## TASK TO CARRY OUT
Spot each line in the records below where the word "close" occurs, then copy it.

'''

(* Let $\omega>0$, $v(x)=\omega^2x^2/2$ on $\mathbb{Z}$, $\gamma\in(-\infty,-1)$, and $H_N=\frac{N^2}{2}\Delta+N^{-2\gamma}v$ on $\ell^2(\mathbb{Z})$. Then $$\lim_{N\to\infty}\frac{E_0(H_N)}{N^{2|\gamma|}}=0,\qquad \lim_{N\to\infty}\frac{E_{2n}(H_N)}{N^{2|\gamma|}}=\lim_{N\to\infty}\frac{E_{2n-1}(H_N)}{N^{2|\gamma|}}=\frac{\omega^2n^2}{2}\quad(n\ge1).$$
   Context: $(\Delta f)(x)=2f(x)-f(x+1)-f(x-1)$; $v$ acts by multiplication. $E_n(H_N)$ is the $n$-th eigenvalue of $H_N$ counted with multiplicity, $n=0,1,2,\dots$. *)

theory Defs
  imports "HOL-Analysis.Analysis"
begin

definition l2 :: "(int \<Rightarrow> real) \<Rightarrow> bool" where
  "l2 f \<longleftrightarrow> (\<lambda>x. (f x)\<^sup>2) summable_on UNIV"

definition lap :: "(int \<Rightarrow> real) \<Rightarrow> int \<Rightarrow> real" where
  "lap f x = 2 * f x - f (x + 1) - f (x - 1)"

definition harm_pot :: "real \<Rightarrow> int \<Rightarrow> real" where
  "harm_pot \<omega> x = \<omega>\<^sup>2 * (real_of_int x)\<^sup>2 / 2"

definition H_op :: "(int \<Rightarrow> real) \<Rightarrow> real \<Rightarrow> nat \<Rightarrow> (int \<Rightarrow> real) \<Rightarrow> int \<Rightarrow> real" where
  "H_op v \<gamma> N f x = (real N)\<^sup>2 / 2 * lap f x + real N powr (-2 * \<gamma>) * v x * f x"

definition eigenspace :: "((int \<Rightarrow> real) \<Rightarrow> int \<Rightarrow> real) \<Rightarrow> real \<Rightarrow> (int \<Rightarrow> real) set" where
  "eigenspace H lam = {f. l2 f \<and> H f = (\<lambda>x. lam * f x)}"

definition is_eigenvalue :: "((int \<Rightarrow> real) \<Rightarrow> int \<Rightarrow> real) \<Rightarrow> real \<Rightarrow> bool" where
  "is_eigenvalue H lam \<longleftrightarrow> (\<exists>f\<in>eigenspace H lam. f \<noteq> (\<lambda>_. 0))"

definition lin_indep :: "(int \<Rightarrow> real) set \<Rightarrow> bool" where
  "lin_indep S \<longleftrightarrow> (\<forall>c. (\<lambda>x. \<Sum>f\<in>S. c f * f x) = (\<lambda>_. 0) \<longrightarrow> (\<forall>f\<in>S. c f = 0))"

definition multiplicity_eig :: "((int \<Rightarrow> real) \<Rightarrow> int \<Rightarrow> real) \<Rightarrow> real \<Rightarrow> nat" where
  "multiplicity_eig H lam =
     Sup {card S | S. finite S \<and> S \<subseteq> eigenspace H lam \<and> lin_indep S}"

definition eig_count :: "((int \<Rightarrow> real) \<Rightarrow> int \<Rightarrow> real) \<Rightarrow> real \<Rightarrow> nat" where
  "eig_count H t = (\<Sum>\<mu>\<in>{\<mu>. is_eigenvalue H \<mu> \<and> \<mu> \<le> t}. multiplicity_eig H \<mu>)"

text \<open>E_n(H): n-th eigenvalue (n = 0,1,2,...) counted with multiplicity.\<close>
definition E :: "((int \<Rightarrow> real) \<Rightarrow> int \<Rightarrow> real) \<Rightarrow> nat \<Rightarrow> real" where
  "E H n = Inf {t. n < eig_count H t}"

end

(* Write H_N = a Delta + b v with a = N^2/2 and b = N^(-2 gamma), so a/b = N^(2 + 2 gamma)/2 -> 0.
   Assume 64 a <= b omega^2, which holds for large N.  An l2 eigenfunction attains its maximal modulus
   at some site x0, and the eigenvalue equation there puts the eigenvalue within 4a of b v(x0).
   Two l2 solutions of the second-order recurrence have vanishing Wronskian, so every eigenvalue
   is simple and every eigenfunction is even or odd.  Conversely, for k >= 0 and a parity sigma
   (odd only if k > 0), normalising f(k) = 1 turns the eigenvalue equation into a fixed-point
   equation that is a contraction on the bounded functions with that parity; its fixed point is
   an l2 eigenfunction.  Hence the eigenvalues are in bijection with the pairs (k, sigma): one
   near b v(0) = 0 and two near b v(k) for each k >= 1.  Counting gives
   |E_j - b v(n)| <= 4a for j = 2n - 1, 2n, and dividing by b = N^(2|gamma|) proves the limits. *)

theory Submission
  imports Defs
begin

section \<open>Square-summable sequences\<close>

lemma l2_finite_level_set:
  assumes "l2 f" "\<delta> > 0"
  shows "finite {x. \<delta> \<le> \<bar>f x\<bar>}"
proof (rule ccontr)
  assume inf: "infinite {x. \<delta> \<le> \<bar>f x\<bar>}"
  define I where "I = infsum (\<lambda>x. (f x)\<^sup>2) UNIV"
  obtain n :: nat where n: "I / \<delta>\<^sup>2 < n" using reals_Archimedean2 by blast
  obtain F where F: "finite F" "F \<subseteq> {x. \<delta> \<le> \<bar>f x\<bar>}" "card F = n"
    using infinite_arbitrarily_large[OF inf] by blast
  have "n * \<delta>\<^sup>2 = (\<Sum>x\<in>F. \<delta>\<^sup>2)" using F by simp
  also have "\<dots> \<le> (\<Sum>x\<in>F. (f x)\<^sup>2)"
  proof (rule sum_mono)
    fix x assume "x \<in> F"
    with F assms(2) show "\<delta>\<^sup>2 \<le> (f x)\<^sup>2"
      by (metis mem_Collect_eq power2_abs power_mono subsetD less_imp_le)
  qed
  also have "\<dots> \<le> I"
    unfolding I_def by (rule finite_sum_le_infsum) (use assms(1) F in \<open>auto simp: l2_def\<close>)
  finally show False using n assms(2) by (simp add: field_simps)
qed

lemma l2_eventually_small:
  assumes "l2 f" "\<delta> > 0"
  obtains m where "\<And>x. m \<le> \<bar>x\<bar> \<Longrightarrow> \<bar>f x\<bar> < \<delta>"
proof -
  have "bdd_above (abs ` {x. \<delta> \<le> \<bar>f x\<bar>})"
    using l2_finite_level_set[OF assms] by (intro bdd_above_finite) simp
  then obtain M where "\<And>x. \<delta> \<le> \<bar>f x\<bar> \<Longrightarrow> \<bar>x\<bar> \<le> M" by (auto simp: bdd_above_def)
  then show thesis by (intro that[of "M + 1"]) (smt (verit))
qed

lemma l2_abs_max:
  assumes "l2 f"
  obtains x0 where "\<And>x. \<bar>f x\<bar> \<le> \<bar>f x0\<bar>"
proof (cases "\<forall>x. f x = 0")
  case True
  then show thesis by (intro that[of 0]) simp
next
  case False
  then obtain x1 where x1: "f x1 \<noteq> 0" by blast
  define A where "A = {x. \<bar>f x1\<bar> \<le> \<bar>f x\<bar>}"
  have A: "finite ((\<lambda>x. \<bar>f x\<bar>) ` A)" "x1 \<in> A"
    using l2_finite_level_set[OF assms, of "\<bar>f x1\<bar>"] x1 by (auto simp: A_def)
  then have "Max ((\<lambda>x. \<bar>f x\<bar>) ` A) \<in> (\<lambda>x. \<bar>f x\<bar>) ` A" by (intro Max_in) auto
  then obtain x0 where x0: "x0 \<in> A" "\<bar>f x0\<bar> = Max ((\<lambda>x. \<bar>f x\<bar>) ` A)" by auto
  have "\<bar>f x\<bar> \<le> \<bar>f x0\<bar>" for x
  proof (cases "x \<in> A")
    case True
    then show ?thesis unfolding x0(2) using A(1) by (intro Max_ge) auto
  next
    case False
    then show ?thesis using x0(1) by (auto simp: A_def)
  qed
  then show thesis by (rule that)
qed

lemma l2_reflect:
  assumes "l2 f"
  shows "l2 (\<lambda>x. f (- x))"
proof -
  have "(\<lambda>x. (f x)\<^sup>2) summable_on (uminus ` UNIV)" using assms by (simp add: l2_def)
  then show ?thesis by (subst (asm) summable_on_reindex) (auto simp: l2_def o_def)
qed

lemma summable_on_inverse_square_int: "(\<lambda>x::int. 1 / ((real_of_int x)\<^sup>2 + 1)) summable_on UNIV"
proof -
  define h where "h = (\<lambda>x::int. 1 / ((real_of_int x)\<^sup>2 + 1))"
  have "summable (\<lambda>n::nat. 1 / ((real n)\<^sup>2 + 1))"
  proof (rule summable_comparison_test[OF _ inverse_power_summable[of 2]])
    show "\<exists>N. \<forall>n\<ge>N. norm (1 / ((real n)\<^sup>2 + 1)) \<le> inverse ((real n)\<^sup>2)"
      by (intro exI[of _ 1]) (auto simp: inverse_eq_divide frac_le)
  qed simp
  then have nat: "(\<lambda>n::nat. 1 / ((real n)\<^sup>2 + 1)) summable_on UNIV"
    by (intro norm_summable_imp_summable_on) simp
  have "h summable_on (int ` UNIV \<union> (\<lambda>n. - int n) ` UNIV)"
    using nat by (intro summable_on_union; subst summable_on_reindex) (auto simp: o_def h_def inj_on_def)
  moreover have "int ` UNIV \<union> (\<lambda>n. - int n) ` UNIV = UNIV"
  proof -
    have "x \<in> int ` UNIV \<union> (\<lambda>n. - int n) ` UNIV" for x :: int
      by (cases "0 \<le> x") (auto intro: image_eqI[of _ int "nat x"] image_eqI[of _ _ "nat (- x)"])
    then show ?thesis by blast
  qed
  ultimately show ?thesis by (simp add: h_def)
qed

lemma l2_if_square_decay:
  assumes "\<And>x. (f x)\<^sup>2 \<le> C / ((real_of_int x)\<^sup>2 + 1)"
  shows "l2 f"
  unfolding l2_def using assms
  by (intro summable_on_comparison_test[OF summable_on_cmult_right[OF summable_on_inverse_square_int]])
     auto

section \<open>The discrete Laplacian and second-order difference equations\<close>

lemma lap_reflect: "lap (\<lambda>x. f (- x)) x = lap f (- x)"
proof -
  have "- (x + 1) = - x - 1" "- (x - 1) = - x + 1" by simp_all
  then show ?thesis by (simp only: lap_def)
qed

lemma lap_cmult: "lap (\<lambda>y. c * f y) x = c * lap f x"
  by (simp add: lap_def algebra_simps)

lemma lap_diff: "lap f x - lap g x = lap (\<lambda>y. f y - g y) x"
  by (simp add: lap_def algebra_simps)

lemma abs_lap_le:
  assumes "\<And>y. \<bar>f y\<bar> \<le> M"
  shows "\<bar>lap f x\<bar> \<le> 4 * M"
  using assms[of x] assms[of "x + 1"] assms[of "x - 1"] unfolding lap_def by linarith

lemma lap_parity:
  assumes "\<And>x. f (- x) = \<sigma> * f x"
  shows "lap f (- x) = \<sigma> * lap f x"
  using lap_reflect[of f x] lap_cmult[of \<sigma> f x] assms by simp

lemma difference_eq_zero_if_two_zeros:
  fixes h :: "int \<Rightarrow> real"
  assumes a: "a \<noteq> 0" and eq: "\<And>x. a * lap h x + w x * h x = \<mu> * h x"
    and zeros: "h x0 = 0" "h (x0 + 1) = 0"
  shows "h = (\<lambda>_. 0)"
proof -
  have forward: "h (x + 1) = 0" if "h x = 0" "h (x - 1) = 0" for x
    using eq[of x] that a by (simp add: lap_def)
  have backward: "h (x - 1) = 0" if "h x = 0" "h (x + 1) = 0" for x
    using eq[of x] that a by (simp add: lap_def)
  have "h x = 0 \<and> h (x + 1) = 0" for x
  proof (induction x rule: int_induct[where k = x0])
    case base
    then show ?case using zeros by simp
  next
    case (step1 i)
    then show ?case using forward[of "i + 1"] by simp
  next
    case (step2 i)
    then show ?case using backward[of i] by simp
  qed
  then show ?thesis by auto
qed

'''

## EXERCISE ANSWER
text \<open>E_n(H): n-th eigenvalue (n = 0,1,2,...) counted with multiplicity.\<close>
section \<open>Square-summable sequences\<close>
    unfolding I_def by (rule finite_sum_le_infsum) (use assms(1) F in \<open>auto simp: l2_def\<close>)
section \<open>The discrete Laplacian and second-order difference equations\<close>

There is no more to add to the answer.